I was just looking at " S. Front St, Shelton, WA" on Google Earth and guess what I found? It appears to be one half of a sheet of plywood railroad, complete with roundhouse and I would guess a 50 foot armstrong turntable! I believe it to be the Simpson Railroad which is one of the last logging railroads in the U.S. It was quite extensive on the Olympic Pinunsula (spelling?) resplendant with two very high steel arch bridges, it is now but a few miles long, but still active I think. I will have to visit this location next time I go to the coast, which is frequently as I live near Tacoma Washington. Check it out on Google or one of the other sattelite imageing sites available on our computers.
Paul
Dayton and Mad River RR
Shelton_zpsf1276f3f by Donald Schmitt, on Flickr
1953 USGS map Logging railroad - red, Northern Pacific - orange
Cool. It’s interesting if you spend much time on Googlemaps, you can find a lot of “model” railroad designs right on the prototype. Especially around ports. I’ve actually found track arrangements that look like someone took a 4x8 oval plan from a book and built it in 1:1 scale. It’s actually a great way to service multiple spurs in a small area. Even the plant where I work, though no longer using rail service, has a branch to return loop configuration with the loop feeding multiple spurs into the various parts of the plant. The last rail shipment was about 8 years ago and a lot of track has been taken up, but in the 50s/60s we had enough rail service to justify our own switcher and interchange yard.

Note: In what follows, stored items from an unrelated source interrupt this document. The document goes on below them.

(* Let $S$ be an isolated invariant set for $f$ and let $P=(N,L)$ and $P'=(N',L')$ be filtration pairs for $S$. Then there exist an integer $M(P,P')\ge 0$ and maps $r^k_{P'P}:N_L\to N'_{L'}$, defined for all integers $k\ge M(P,P')$, such that (1) $M(P,P')=M(P',P)$ and (2) $r^k_{PP}=f_P^k$; and such that if $P''=(N'',L'')$ is another filtration pair for $S$ then (3) $M(P,P'')\le M(P,P')+M(P',P'')$ and (4) $r^{k_1+k_2}_{P''P}=r^{k_1}_{P''P'}\circ r^{k_2}_{P'P}$ whenever $k_1\ge M(P',P'')$ and $k_2\ge M(P,P')$.
   Context: Let $X$ be a locally compact metric space, $U\subset X$ open and $f:U\to X$ continuous. A solution through $x$ is a map $\sigma:\mathbb Z\to U$ with $\sigma(0)=x$ and $f(\sigma(n))=\sigma(n+1)$ for all $n$; for $N\subset U$, $\operatorname{Inv} N$ is the set of $x\in N$ admitting a solution through $x$ with all values in $N$. A compact $N\subset U$ is an isolating neighborhood if $\operatorname{Inv} N\subset\operatorname{Int} N$; $S$ is an isolated invariant set if $S=\operatorname{Inv} N$ for some isolating neighborhood $N$. The exit set of $N$ is $N^-=\{x\in N:f(x)\notin\operatorname{Int} N\}$. A filtration pair for an isolated invariant set $S$ is a pair of compact sets $L\subset N$ contained in the interior of the domain of $f$, each the closure of its interior, such that (1) $\operatorname{cl}(N\setminus L)$ is an isolating neighborhood with $\operatorname{Inv}\operatorname{cl}(N\setminus L)=S$; (2) $L$ is a neighborhood of $N^-$ in $N$; (3) $f(L)\cap\operatorname{cl}(N\setminus L)=\emptyset$. For a filtration pair $P=(N,L)$, $N_L=N/L$ with $L$ collapsed to the base point $[L]$ (if $L=\emptyset$, $N_L$ is $N$ with a disjoint point $[L]$ adjoined), $p:N\to N_L$ is the quotient map, and the pointed space map $f_P:N_L\to N_L$ is $f_P([L])=[L]$, $f_P(p(x))=p(f(x))$ for $x\in N\setminus L$. *)

theory Defs
  imports "HOL-Analysis.Analysis"
begin

text \<open>Setting: X is the ambient type 'a (a metric space, assumed locally compact in the
theorem), U an open subset, f continuous on U.  f is a total HOL function; only its
values on U matter.\<close>

definition Inv :: "'a set \<Rightarrow> ('a \<Rightarrow> 'a) \<Rightarrow> 'a set \<Rightarrow> 'a set" where
  "Inv U f N = {x \<in> N. \<exists>\<sigma>::int \<Rightarrow> 'a. \<sigma> 0 = x \<and>
       (\<forall>n. \<sigma> n \<in> U \<and> \<sigma> n \<in> N \<and> f (\<sigma> n) = \<sigma> (n + 1))}"

definition isolating_nbhd :: "'a::topological_space set \<Rightarrow> ('a \<Rightarrow> 'a) \<Rightarrow> 'a set \<Rightarrow> bool" where
  "isolating_nbhd U f N \<longleftrightarrow> compact N \<and> N \<subseteq> U \<and> Inv U f N \<subseteq> interior N"

definition isolated_invariant_set :: "'a::topological_space set \<Rightarrow> ('a \<Rightarrow> 'a) \<Rightarrow> 'a set \<Rightarrow> bool" where
  "isolated_invariant_set U f S \<longleftrightarrow> (\<exists>N. isolating_nbhd U f N \<and> S = Inv U f N)"

definition exit_set :: "('a \<Rightarrow> 'a) \<Rightarrow> 'a::topological_space set \<Rightarrow> 'a set" where
  "exit_set f N = {x \<in> N. f x \<notin> interior N}"

definition filtration_pair ::
  "'a::topological_space set \<Rightarrow> ('a \<Rightarrow> 'a) \<Rightarrow> 'a set \<Rightarrow> 'a set \<times> 'a set \<Rightarrow> bool" where
  "filtration_pair U f S P \<longleftrightarrow> (case P of (N, L) \<Rightarrow>
      compact N \<and> compact L \<and> L \<subseteq> N \<and> N \<subseteq> interior U \<and>
      closure (interior N) = N \<and> closure (interior L) = L \<and>
      isolating_nbhd U f (closure (N - L)) \<and> Inv U f (closure (N - L)) = S \<and>
      (\<exists>V. openin (top_of_set N) V \<and> exit_set f N \<subseteq> V \<and> V \<subseteq> L) \<and>
      f ` L \<inter> closure (N - L) = {})"

text \<open>A point of N \ L is represented by the singleton {x},
the base point [L] by the set L itself (if L = {} this is the extra point {}, which is
disjoint from all singletons, as required).  When L = {} the
preimage of the base point is empty, so the base point is an isolated point, i.e.
N_L is N with a disjoint point adjoined.\<close>
definition qmap :: "'a set \<Rightarrow> 'a \<Rightarrow> 'a set" where
  "qmap L x = (if x \<in> L then L else {x})"

definition NL_space :: "'a set \<Rightarrow> 'a set \<Rightarrow> 'a set set" where
  "NL_space N L = insert L (qmap L ` N)"

definition NL_top :: "'a::topological_space set \<Rightarrow> 'a set \<Rightarrow> 'a set topology" where
  "NL_top N L = topology (\<lambda>V. V \<subseteq> NL_space N L \<and>
       openin (top_of_set N) {x \<in> N. qmap L x \<in> V})"

definition fP :: "('a \<Rightarrow> 'a) \<Rightarrow> 'a set \<Rightarrow> 'a set \<Rightarrow> 'a set" where
  "fP f L y = (if y = L then L else qmap L (f (the_elem y)))"

end

theory Submission
  imports Defs
begin

(* Write D = N - L, A = cl (N - L) and W = int N - L for a filtration pair P = (N, L).
   Since Inv A_P = S lies in the open set W_Q, a compactness argument gives a time m such
   that every orbit segment of length 2m in A_P has its midpoint in W_Q; let mu(P, Q) be the
   least m that works in both directions.  Then an orbit staying in D_P (or D_Q) during a
   time interval stays in D_Q (or D_P) during the same interval shortened by mu at both ends.

   With M = 3 mu, the map r^k_{P'P} sends [x] to [f^k x] if the orbit of x lies in D_P up to
   time k - mu and in D_P' from time mu to k, and to the base point otherwise.  The set of
   such x is open in N, and the only further points of its closure are those with
   f^k x in L', which is why r^k is continuous.  Transferring orbit intervals as above,
   together with the triangle inequality for mu, gives r^k_{PP} = f_P^k and the
   composition law. *)

section \<open>Properties holding on intervals of times\<close>

lemma ball_atLeastAtMost_union:
  fixes a b c d :: nat
  assumes "\<forall>i\<in>{a..b}. p i" and "\<forall>i\<in>{c..d}. p i" and "c \<le> Suc b"
  shows "\<forall>i\<in>{a..d}. p i"
proof
  fix i assume "i \<in> {a..d}"
  then show "p i" using assms by (cases "i \<le> b") auto
qed

definition segment_transfer :: "nat \<Rightarrow> (nat \<Rightarrow> bool) \<Rightarrow> (nat \<Rightarrow> bool) \<Rightarrow> bool" where
  "segment_transfer a p q \<longleftrightarrow> (\<forall>s e. (\<forall>i\<in>{s..e}. p i) \<longrightarrow> (\<forall>i\<in>{s + a..e - a}. q i))"

lemma segment_transferD:
  "segment_transfer a p q \<Longrightarrow> \<forall>i\<in>{s..e}. p i \<Longrightarrow> \<forall>i\<in>{s + a..e - a}. q i"
  unfolding segment_transfer_def by blast

lemma ball_atLeastAtMost_shift:
  fixes a b c :: nat
  shows "(\<forall>i\<in>{a..b}. p (i + c)) \<longleftrightarrow> (\<forall>i\<in>{a + c..b + c}. p i)"
proof
  assume shifted: "\<forall>i\<in>{a..b}. p (i + c)"
  show "\<forall>i\<in>{a + c..b + c}. p i"
  proof
    fix i assume "i \<in> {a + c..b + c}"
    then have "i - c \<in> {a..b}" and "i - c + c = i"
      by auto
    then show "p i"
      using shifted by metis
  qed
qed auto

lemma segment_relay:
  fixes p q r :: "nat \<Rightarrow> bool" and \<alpha> \<beta> \<gamma> k1 k2 :: nat
  assumes \<gamma>: "\<gamma> \<le> \<alpha> + \<beta>" and k1: "3 * \<beta> \<le> k1" and k2: "3 * \<alpha> \<le> k2"
    and pq: "segment_transfer \<alpha> p q" and qp: "segment_transfer \<alpha> q p"
    and qr: "segment_transfer \<beta> q r" and rq: "segment_transfer \<beta> r q"
    and pr: "segment_transfer \<gamma> p r" and rp: "segment_transfer \<gamma> r p"
  shows "(\<forall>i\<in>{0..k1 + k2 - \<gamma>}. p i) \<and> (\<forall>i\<in>{\<gamma>..k1 + k2}. r i) \<longleftrightarrow>
    (\<forall>i\<in>{0..k2 - \<alpha>}. p i) \<and> (\<forall>i\<in>{\<alpha>..k2}. q i) \<and>
    (\<forall>i\<in>{0..k1 - \<beta>}. q (i + k2)) \<and> (\<forall>i\<in>{\<beta>..k1}. r (i + k2))"
proof -
  have "(\<forall>i\<in>{0..k1 - \<beta>}. q (i + k2)) \<longleftrightarrow> (\<forall>i\<in>{k2..k1 + k2 - \<beta>}. q i)"
    and "(\<forall>i\<in>{\<beta>..k1}. r (i + k2)) \<longleftrightarrow> (\<forall>i\<in>{k2 + \<beta>..k1 + k2}. r i)"
    unfolding ball_atLeastAtMost_shift using k1 by (simp_all add: add.commute)
  moreover have "(\<forall>i\<in>{0..k1 + k2 - \<gamma>}. p i) \<and> (\<forall>i\<in>{\<gamma>..k1 + k2}. r i) \<longleftrightarrow>
    (\<forall>i\<in>{0..k2 - \<alpha>}. p i) \<and> (\<forall>i\<in>{\<alpha>..k2}. q i) \<and>
    (\<forall>i\<in>{k2..k1 + k2 - \<beta>}. q i) \<and> (\<forall>i\<in>{k2 + \<beta>..k1 + k2}. r i)"
  proof
    assume "(\<forall>i\<in>{0..k1 + k2 - \<gamma>}. p i) \<and> (\<forall>i\<in>{\<gamma>..k1 + k2}. r i)"
    then have p: "\<forall>i\<in>{0..k1 + k2 - \<gamma>}. p i" and r: "\<forall>i\<in>{\<gamma>..k1 + k2}. r i" by auto
    have "\<forall>i\<in>{\<alpha>..k1 + k2 - \<gamma> - \<alpha>}. q i"
      using segment_transferD[OF pq p, unfolded add_0] .
    moreover have "\<forall>i\<in>{\<gamma> + \<beta>..k1 + k2 - \<beta>}. q i"
      using segment_transferD[OF rq r] .
    ultimately have "\<forall>i\<in>{\<alpha>..k1 + k2 - \<beta>}. q i"
      by (rule ball_atLeastAtMost_union) (use \<gamma> k1 k2 in linarith)
    then show "(\<forall>i\<in>{0..k2 - \<alpha>}. p i) \<and> (\<forall>i\<in>{\<alpha>..k2}. q i) \<and>
      (\<forall>i\<in>{k2..k1 + k2 - \<beta>}. q i) \<and> (\<forall>i\<in>{k2 + \<beta>..k1 + k2}. r i)"
      using p r \<gamma> k1 k2 by auto
  next
    assume "(\<forall>i\<in>{0..k2 - \<alpha>}. p i) \<and> (\<forall>i\<in>{\<alpha>..k2}. q i) \<and>
      (\<forall>i\<in>{k2..k1 + k2 - \<beta>}. q i) \<and> (\<forall>i\<in>{k2 + \<beta>..k1 + k2}. r i)"
    then have p: "\<forall>i\<in>{0..k2 - \<alpha>}. p i" and r: "\<forall>i\<in>{k2 + \<beta>..k1 + k2}. r i"
      and q: "\<forall>i\<in>{\<alpha>..k1 + k2 - \<beta>}. q i"
      using ball_atLeastAtMost_union[of \<alpha> k2 q k2 "k1 + k2 - \<beta>"] by auto
    have "\<forall>i\<in>{0..k1 + k2 - \<beta> - \<alpha>}. p i"
      using p segment_transferD[OF qp q]
      by (rule ball_atLeastAtMost_union) (use k2 in linarith)
    moreover have "\<forall>i\<in>{\<alpha> + \<beta>..k1 + k2}. r i"
      using segment_transferD[OF qr q] r
      by (rule ball_atLeastAtMost_union) (use k1 in linarith)
    ultimately have p': "\<forall>i\<in>{0..k1 + k2 - \<beta> - \<alpha>}. p i" and r': "\<forall>i\<in>{\<alpha> + \<beta>..k1 + k2}. r i" .
    have "\<forall>i\<in>{0..k1 + k2 - \<gamma>}. p i"
      using p' segment_transferD[OF rp r']
      by (rule ball_atLeastAtMost_union) (use \<gamma> k1 k2 in linarith)
    moreover have "\<forall>i\<in>{\<gamma>..k1 + k2}. r i"
      using segment_transferD[OF pr p', unfolded add_0] r'
      by (rule ball_atLeastAtMost_union) (use \<gamma> k1 k2 in linarith)
    ultimately show "(\<forall>i\<in>{0..k1 + k2 - \<gamma>}. p i) \<and> (\<forall>i\<in>{\<gamma>..k1 + k2}. r i)" ..
  qed
  ultimately show ?thesis
    by simp
qed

Not available on Google Maps, the CNJ Bronx freight terminal. Even has a double track loop!
An article on the Erie RR bronx terminal (a few hundred yards up the street/Harlem River) suggested that the modeler might consider some selective expansion.
Regrettably, both facilities are now vanished vistas.
EDIT: That’s either a big 4x6 (tatami, perhaps - 18 x 24 feet) in HO, or a 4 x 8 in Z scale. The mill and rail shop complex north of the river and east of BNSF would fill my double garage.